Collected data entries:
theorem lemma4:
  fixes F :: "('a::finite, 'q::finite, 's::finite) fdfa"
    and u v :: "'a list"
  assumes "v \<noteq> []"
    and "\<forall>k\<ge>1. fdfa_accepts F u (concat (replicate k v))"
  shows "upw u v \<in> UP (enba_lang (B_of F))"
proof -
  define q where "q = M_of F u"
  define h where "h = (\<lambda>s. run (p_delta F q) s v)"
  obtain k where "k > 0" and idem: "(h ^^ k) ((h ^^ k) (p_init F q)) = (h ^^ k) (p_init F q)"
    using funpow_idempotent_power[of h "p_init F q"] by auto
  define w where "w = concat (replicate k v)"
  define t where "t = run (p_delta F q) (p_init F q) w"
  let ?start = "Inr (q, t, Some (q, p_init F q, t))"
  let ?ps = "trace Inl (m_delta F) (m_init F) u @ [(Inl q, None, ?start)]"
  have "fdfa_accepts F u w"
    using assms(2) \<open>k > 0\<close> by (simp add: w_def)
  then have "t \<in> p_final F q" and "run (m_delta F) q w = q"
    by (simp_all add: fdfa_accepts_def t_def q_def M_of_def run_def)
  moreover have "run (p_delta F q) t w = t"
    using idem by (simp add: t_def w_def run_concat_replicate h_def)
  ultimately obtain cs where cycle: "path (b_trans (B_of F)) ?start cs ?start"
    and "letters cs = w" and "(Inr (q, t, None), None, ?start) \<in> set cs"
    using component_cycle[of t F q w] t_def by blast
  moreover have prefix: "path (b_trans (B_of F)) (b_init (B_of F)) ?ps ?start"
    using leading_path \<open>t \<in> p_final F q\<close> by (auto simp: path_append B_of_def q_def)
  moreover have "w \<noteq> []"
    using assms(1) \<open>k > 0\<close> by (simp add: w_def)
  moreover have "fst (Inr (q, t, None), None, ?start) \<in> b_acc (B_of F)"
    using \<open>t \<in> p_final F q\<close> by (simp add: B_of_def)
  ultimately have "enba_accepts (B_of F) (upw (letters ?ps) w)"
    using enba_accepts_lasso[OF prefix cycle] by metis
  then have "enba_accepts (B_of F) (upw u v)"
    by (simp add: w_def upw_concat_replicate[OF \<open>k > 0\<close>])
  then show ?thesis
    using assms(1) by (auto simp: UP_def enba_lang_def)
qed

- [PROMPT] A word-for-word restatement of the lines running from the one with "None, ?start) \<in> set" to the last line of the records is the whole answer.

- [TASK OUTPUT]
    and "letters cs = w" and "(Inr (q, t, None), None, ?start) \<in> set cs"
    using component_cycle[of t F q w] t_def by blast
  moreover have prefix: "path (b_trans (B_of F)) (b_init (B_of F)) ?ps ?start"
    using leading_path \<open>t \<in> p_final F q\<close> by (auto simp: path_append B_of_def q_def)
  moreover have "w \<noteq> []"
    using assms(1) \<open>k > 0\<close> by (simp add: w_def)
  moreover have "fst (Inr (q, t, None), None, ?start) \<in> b_acc (B_of F)"
    using \<open>t \<in> p_final F q\<close> by (simp add: B_of_def)
  ultimately have "enba_accepts (B_of F) (upw (letters ?ps) w)"
    using enba_accepts_lasso[OF prefix cycle] by metis
  then have "enba_accepts (B_of F) (upw u v)"
    by (simp add: w_def upw_concat_replicate[OF \<open>k > 0\<close>])
  then show ?thesis
    using assms(1) by (auto simp: UP_def enba_lang_def)
qed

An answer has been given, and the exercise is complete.